Authors: Tian Gu [aut], Jeremy M.G. Taylor [aut], Bhramar Mukherjee [aut], Michael Kleinsasser [cre]
Maintainer: Michael Kleinsasser <[email protected]>
License: GPL-2
Version: 0.1.0
Built: 2025-01-17 05:24:16 UTC
Source: https://github.com/umich-biostatistics/syndi

Help Index


Example data for Create.Synthetic()

Description

Example data set for Create.Synthetic()

Format

a list with

  • nrep when generating the synthetic data, replicate the observed X nrep times

  • datan simulated internal data set

  • betaHatExt_list list of external model estimates


Create the synthetic data

Description

Creates a synthetic data set from internal data and external models.

Usage

Create.Synthetic(
  datan,
  nrep,
  Y,
  XB,
  Ytype = "binary",
  parametric,
  betaHatExt_list,
  sigmaHatExt_list = NULL
)

Arguments

datan

internal data only

nrep

number of replication when creating the synthetic data

Y

outcome name, e.g. Y='Y'

XB

all covariate names for both X and B in the target model, e.g. XB=c('X1','X2','X3','X4','B1','B2')

Ytype

the type of outcome Y, either 'binary' or 'continuous'.

parametric

choice of "Yes" or "No" for each external model. Specify whether the external model is paramtric or not, e.g. parametric=c('Yes','No')

betaHatExt_list

a list of parameter estimates of the external models. The order needs to be the same as listed in XB, and variable name is required. See example for details.

sigmaHatExt_list

a list of sigma^2 for continuous outcome fitted from linear regression.
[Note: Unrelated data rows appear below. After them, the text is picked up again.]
lemma sample_mean_sample_add: "sample_mean n (sample_add n x w) = sample_mean n x + sample_mean n w"
  unfolding sample_mean_def sample_add_def by (simp add: sum.distrib add_divide_distrib)

lemma residuals_sample_add: "residuals n (sample_add n x w) = sample_add n (residuals n x) (residuals n w)"
  unfolding residuals_def sample_mean_sample_add by (rule ext) (simp add: sample_add_def)

lemma measurable_sample_add_residual_algebra:
  assumes "sets H = sets borel" and "sets B = sets borel"
  shows "(\<lambda>x. sample_add n x w) \<in> residual_algebra H n \<rightarrow>\<^sub>M residual_algebra B n"
proof -
  let ?R = "vimage_algebra (PiE {..<n} (\<lambda>_. UNIV)) (residuals n) (PiM {..<n} (\<lambda>_. borel))"
  have "residuals n \<in> ?R \<rightarrow>\<^sub>M PiM {..<n} (\<lambda>_. borel)"
    by (rule measurable_vimage_algebra1) (auto simp: space_PiM residuals_def)
  then have "(\<lambda>x. residuals n (sample_add n x w)) \<in> ?R \<rightarrow>\<^sub>M PiM {..<n} (\<lambda>_. borel)"
    unfolding residuals_sample_add by measurable
  then show ?thesis
    unfolding residual_algebra_eq_vimage_algebra[OF assms(1)] residual_algebra_eq_vimage_algebra[OF assms(2)]
    by (intro measurable_vimage_algebra2) (auto simp: sample_add_def)
qed

lemma emeasure_sample_add_preimage:
  assumes "prob_space Q" and sQ: "sets Q = sets borel"
    and A: "\<And>i. i < n \<Longrightarrow> A i \<in> sets borel"
  shows "emeasure (sample_law Q n) {w \<in> space (sample_law Q n). sample_add n x w \<in> PiE {..<n} A}
           = (\<Prod>i<n. \<integral>\<^sup>+s. indicator (A i) (x i + s) \<partial>Q)"
proof -
  interpret product_sigma_finite "\<lambda>_. Q"
    by (simp add: product_sigma_finite_def prob_space_imp_sigma_finite[OF assms(1)])
  have preimage: "{w \<in> space (sample_law Q n). sample_add n x w \<in> PiE {..<n} A}
          = PiE {..<n} (\<lambda>i. (\<lambda>s. x i + s) -` A i)"
    by (auto simp: space_sample_law[OF sQ] sample_add_def PiE_iff extensional_def)
  have shifted: "(\<lambda>s. x i + s) -` A i \<in> sets Q" if "i < n" for i
    using measurable_sets[OF _ A[OF that], of "\<lambda>s. x i + s" borel] by (simp add: sQ)
  have "emeasure (sample_law Q n) {w \<in> space (sample_law Q n). sample_add n x w \<in> PiE {..<n} A}
          = (\<Prod>i<n. emeasure Q ((\<lambda>s. x i + s) -` A i))"
    unfolding preimage unfolding sample_law_def by (rule emeasure_PiM) (auto simp: shifted)
  also have "\<dots> = (\<Prod>i<n. \<integral>\<^sup>+s. indicator (A i) (x i + s) \<partial>Q)"
    using shifted by (intro prod.cong) (simp_all flip: nn_integral_indicator add: indicator_def)
  finally show ?thesis .
qed

lemma measurable_sample_add_sample_law:
  assumes "sets H = sets borel" and "sets Q = sets borel"
  shows "(\<lambda>p. sample_add n (fst p) (snd p))
           \<in> sample_law H n \<Otimes>\<^sub>M sample_law Q n \<rightarrow>\<^sub>M PiM {..<n} (\<lambda>_. borel)"
  using measurable_sample_add
  by (simp add: measurable_cong_sets[OF sets_pair_measure_cong[OF sets_sample_law[OF assms(1)] sets_sample_law[OF assms(2)]]])

lemma sample_law_convolution:
  assumes H: "prob_space H" and sH[measurable_cong]: "sets H = sets borel"
    and Q: "prob_space Q" and sQ[measurable_cong]: "sets Q = sets borel"
  shows "sample_law (H \<star> Q) n = distr (sample_law H n \<Otimes>\<^sub>M sample_law Q n)
           (PiM {..<n} (\<lambda>_. borel)) (\<lambda>p. sample_add n (fst p) (snd p))"
    (is "_ = distr (?P \<Otimes>\<^sub>M ?W) ?B ?add")
proof -
  interpret H: product_sigma_finite "\<lambda>_. H"
    by (simp add: product_sigma_finite_def prob_space_imp_sigma_finite[OF H])
  interpret W: prob_space ?W by (rule prob_space_sample_law[OF Q])
  have HQ: "finite_measure (H \<star> Q)"
    by (rule convolution_finite) (use H Q sH sQ in \<open>auto intro: prob_space.finite_measure\<close>)
  interpret HQ: product_sigma_finite "\<lambda>_. H \<star> Q"
    by (simp add: product_sigma_finite_def finite_measure.sigma_finite_measure[OF HQ])
  note add = measurable_sample_add_sample_law[OF sH sQ]
  have "distr (?P \<Otimes>\<^sub>M ?W) ?B ?add = PiM {..<n} (\<lambda>_. H \<star> Q)"
  proof (rule HQ.PiM_eqI)
    show "sets (distr (?P \<Otimes>\<^sub>M ?W) ?B ?add) = sets (PiM {..<n} (\<lambda>_. H \<star> Q))"
      unfolding sets_distr by (rule sets_PiM_cong) simp_all
  next
    fix A assume "\<And>i. i \<in> {..<n} \<Longrightarrow> A i \<in> sets (H \<star> Q)"
    then have A: "\<And>i. i < n \<Longrightarrow> A i \<in> sets borel" by simp
    then have box: "PiE {..<n} A \<in> sets ?B" by (intro sets_PiM_I_finite) auto
    define S where "S = ?add -` PiE {..<n} A \<inter> space (?P \<Otimes>\<^sub>M ?W)"
    have slice: "Pair x -` S = {w \<in> space ?W. sample_add n x w \<in> PiE {..<n} A}" if "x \<in> space ?P" for x
      using that unfolding S_def space_pair_measure
      by (auto simp only: set_eq_iff vimage_eq Int_iff mem_Times_iff fst_conv snd_conv mem_Collect_eq)
    have "emeasure (distr (?P \<Otimes>\<^sub>M ?W) ?B ?add) (PiE {..<n} A) = emeasure (?P \<Otimes>\<^sub>M ?W) S"
      unfolding S_def by (rule emeasure_distr[OF add box])
    also have "\<dots> = (\<integral>\<^sup>+x. emeasure ?W (Pair x -` S) \<partial>?P)"
      by (rule W.emeasure_pair_measure_alt) (use add box in \<open>simp add: S_def measurable_sets\<close>)
    also have "\<dots> = (\<integral>\<^sup>+x. (\<Prod>i<n. \<integral>\<^sup>+s. indicator (A i) (x i + s) \<partial>Q) \<partial>?P)"
      by (rule nn_integral_cong) (simp add: slice emeasure_sample_add_preimage[OF Q sQ A])
    also have "\<dots> = (\<Prod>i<n. \<integral>\<^sup>+y. \<integral>\<^sup>+s. indicator (A i) (y + s) \<partial>Q \<partial>H)"
      unfolding sample_law_def
    proof (rule H.product_nn_integral_prod)
      fix i assume "i \<in> {..<n}"
      with A have [measurable]: "A i \<in> sets borel" by simp
      show "(\<lambda>y. \<integral>\<^sup>+s. indicator (A i) (y + s) \<partial>Q) \<in> borel_measurable H"
        by (rule sigma_finite_measure.borel_measurable_nn_integral[OF prob_space_imp_sigma_finite[OF Q]])
           measurable
    qed simp
    also have "\<dots> = (\<Prod>i<n. emeasure (H \<star> Q) (A i))"
    proof (rule prod.cong[OF refl])
      fix i assume "i \<in> {..<n}"
      with A H Q sH sQ show "(\<integral>\<^sup>+y. \<integral>\<^sup>+s. indicator (A i) (y + s) \<partial>Q \<partial>H) = emeasure (H \<star> Q) (A i)"
        by (intro convolution_emeasure'[symmetric]) (auto intro: prob_space.finite_measure)
    qed
    finally show "emeasure (distr (?P \<Otimes>\<^sub>M ?W) ?B ?add) (PiE {..<n} A)
        = (\<Prod>i\<in>{..<n}. emeasure (H \<star> Q) (A i))" by simp
  qed simp
  then show ?thesis unfolding sample_law_def by simp
qed

lemma pitman_var_le_convolution:
  assumes H: "square_integrable_law H" and HQ: "square_integrable_law (H \<star> Q)"
    and Q: "prob_space Q" and sQ: "sets Q = sets borel"
  shows "pitman_var H n \<le> pitman_var (H \<star> Q) n"
proof -
  have sH: "sets H = sets borel" and sHQ: "sets (H \<star> Q) = sets borel"
    using H by (auto simp: square_integrable_law_def)
  let ?P = "sample_law H n" and ?W = "sample_law Q n"
  interpret W: prob_space ?W by (rule prob_space_sample_law[OF Q])
  interpret PW: pair_sigma_finite ?P ?W
    using H Q by (simp add: pair_sigma_finite_def prob_space_imp_sigma_finite prob_space_sample_law
                            square_integrable_law_def)
  interpret HQ: finite_measure_subalgebra "sample_law (H \<star> Q) n" "residual_algebra (H \<star> Q) n"
    using HQ by (intro finite_measure_subalgebra_residual_algebra) (auto simp: square_integrable_law_def)
  define t where "t = real_cond_exp (sample_law (H \<star> Q) n) (residual_algebra (H \<star> Q) n) (sample_mean n)"
  define \<phi> where "\<phi> y = ennreal ((sample_mean n y - t y)\<^sup>2)" for y
  have t_residual: "t \<in> borel_measurable (residual_algebra (H \<star> Q) n)" unfolding t_def by simp
  then have "t \<in> borel_measurable (PiM {..<n} (\<lambda>_. borel))"
    using measurable_from_subalg[OF HQ.subalg]
    by (simp add: measurable_cong_sets[OF sets_sample_law[OF sHQ] refl])
  then have \<phi>: "\<phi> \<in> borel_measurable (PiM {..<n} (\<lambda>_. borel))" unfolding \<phi>_def by measurable
  note \<phi>_add = measurable_comp[OF measurable_sample_add_sample_law[OF sH sQ] \<phi>, unfolded comp_def]
  txt \<open>For fixed noise w, the optimal predictor for the convolution, evaluated at x + w and
    shifted by the mean of w, predicts the sample mean of x from its residuals.\<close>
  have shifted: "ennreal (pitman_var H n) \<le> (\<integral>\<^sup>+x. \<phi> (sample_add n x w) \<partial>?P)" for w
  proof -
    have "(\<lambda>x. t (sample_add n x w)) \<in> borel_measurable (residual_algebra H n)"
      using measurable_comp[OF measurable_sample_add_residual_algebra[OF sH sHQ] t_residual]
      by (simp add: comp_def)
    then have "(\<lambda>x. t (sample_add n x w) - sample_mean n w) \<in> borel_measurable (residual_algebra H n)"
      by measurable
    from pitman_var_le_residual_predictor[OF H this] show ?thesis
      by (simp add: \<phi>_def sample_mean_sample_add algebra_simps)
  qed
  have "ennreal (pitman_var H n) = (\<integral>\<^sup>+w. ennreal (pitman_var H n) \<partial>?W)"
    by (simp add: W.emeasure_space_1)
  also have "\<dots> \<le> (\<integral>\<^sup>+w. \<integral>\<^sup>+x. \<phi> (sample_add n x w) \<partial>?P \<partial>?W)"
    by (intro nn_integral_mono shifted)
  also have "\<dots> = (\<integral>\<^sup>+p. \<phi> (sample_add n (fst p) (snd p)) \<partial>(?P \<Otimes>\<^sub>M ?W))"
    using PW.nn_integral_snd[OF \<phi>_add] by simp
  also have "\<dots> = (\<integral>\<^sup>+y. \<phi> y \<partial>sample_law (H \<star> Q) n)"
    using H Q sQ \<phi>
    by (simp add: sample_law_convolution nn_integral_distr[OF measurable_sample_add_sample_law[OF sH sQ]]
                  square_integrable_law_def)
  also have "\<dots> = ennreal (pitman_var (H \<star> Q) n)"
    unfolding pitman_var_eq_nn_integral[OF HQ] \<phi>_def t_def ..
  finally show ?thesis using pitman_var_nonneg by (simp add: ennreal_le_iff)
qed

lemma distr_mult_convolution:
  fixes A B :: "real measure" and k :: real
  assumes sA: "sets A = sets borel" and B: "prob_space B" and sB: "sets B = sets borel"
  shows "distr (A \<star> B) borel (\<lambda>x. k * x) = (distr A borel (\<lambda>x. k * x) \<star> distr B borel (\<lambda>x. k * x))"
proof -
  have [measurable_cong]: "sets (A \<Otimes>\<^sub>M B) = sets (borel \<Otimes>\<^sub>M borel)"
    by (rule sets_pair_measure_cong[OF sA sB])
  have mA: "(\<lambda>x::real. k * x) \<in> A \<rightarrow>\<^sub>M borel" and mB: "(\<lambda>x::real. k * x) \<in> B \<rightarrow>\<^sub>M borel"
    by (simp_all add: measurable_cong_sets[OF sA refl] measurable_cong_sets[OF sB refl])
  have sf: "sigma_finite_measure (distr B borel (\<lambda>x. k * x))"
    by (rule prob_space_imp_sigma_finite, rule prob_space.prob_space_distr[OF B mB])
  have "distr (A \<star> B) borel (\<lambda>x. k * x) = distr (A \<Otimes>\<^sub>M B) borel ((\<lambda>x. k * x) \<circ> (\<lambda>(x, y). x + y))"
    unfolding convolution_def by (rule distr_distr) measurable
  also have "\<dots> = distr (A \<Otimes>\<^sub>M B) borel ((\<lambda>(x, y). x + y) \<circ> (\<lambda>(x, y). (k * x, k * y)))"
    by (rule distr_cong) (auto simp: algebra_simps)
  also have "\<dots> = distr (distr (A \<Otimes>\<^sub>M B) (borel \<Otimes>\<^sub>M borel) (\<lambda>(x, y). (k * x, k * y))) borel (\<lambda>(x, y). x + y)"
    by (rule distr_distr[symmetric]) measurable
  also have "distr (A \<Otimes>\<^sub>M B) (borel \<Otimes>\<^sub>M borel) (\<lambda>(x, y). (k * x, k * y))
      = distr A borel (\<lambda>x. k * x) \<Otimes>\<^sub>M distr B borel (\<lambda>x. k * x)"
    by (rule pair_measure_distr[OF mA mB sf, symmetric])
  finally show ?thesis unfolding convolution_def .
qed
If not available or the outcome type is binary, set sigmaHatExt_list=NULL

Value

a data.frame. The combined dataset of the internal data (of size n) and the synthetic data for the given external model (of size n * nrep). This combined dataset contains a total of n*(1+nrep) rows, one intercept column (Int), one outcome column (Y), one indicator column (S), and all the predictors in the internal data. S is the indicator variable, where the internal data is indicated as S=0, and the synthetic data is indicated as S=1. The internal data part is a complete dataset without any missingness. The synthetic data part may contain missingness for certain predictors that were not used in the external model.

References

Reference: Gu, T., Taylor, J.M.G. and Mukherjee, B. (2021) Regression inference for multiple populations by integrating summary-level data using stacked imputations https://arxiv.org/abs/2106.06835.

Examples

data(create_synthetic_example)

nrep = create_synthetic_example$nrep
datan = create_synthetic_example$datan
betaHatExt_list = create_synthetic_example$betaHatExt_list

data.combined = Create.Synthetic(nrep = nrep, datan = datan, Y = 'Y', 
    XB = c('X1', 'X2', 'X3', 'X4', 'B1', 'B2'), Ytype = 'binary', 
    parametric = c('Yes', 'No'), betaHatExt_list = betaHatExt_list, 
    sigmaHatExt_list = NULL)

Expit function

Description

Expit function

Usage

expit(x)

Arguments

x

vector to expit

Value

numeric vector with the value of the expit function y = expit(x) = exp(x)/(1+exp(x)).

Expit helper function.


Example data for Initial.estimates()

Description

Example data set for Initial.estimates()

Format

a list with

  • datan simulated internal data set

  • gamma.I internal gamma coefficients

  • beta beta estimates from external model 1


Internal estimation

Description

Calculate the initial estimates for external populations.

Usage

Initial.estimates(datan, gamma.I, X, B, beta, Btype)

Arguments

datan

internal data only

gamma.I

regression estimates using internal data only (datan)

X

a vector of predictor that were used in the external study, e.g. X = c('X1','X2','X3')

B

a vector of covariates that were not used in the external study, e.g. B=c('X4','B1','B2')

beta

a vector of external model estimates, the vector order should be the same as listed in X, e.g. names(beta) = c("int", "X1", "X2", "X3")

Btype

a vector of type of B, either continuous or binary. If "continuous", linear regression will be used; if "binary", logistic regression will be used. More types can be implemented manually.

Value

a numeric vector of estimated coefficients of the target model for the given external population. Assume the internal data contains p predictors. The vector is of dimension (p+1), including the estimates of the intercept.

References

Neuhaus, J. and Jewell, N. (1993). A geometric approach to assess bias due to omitted covariates in generalized linear models. Biometrika 80,807–815.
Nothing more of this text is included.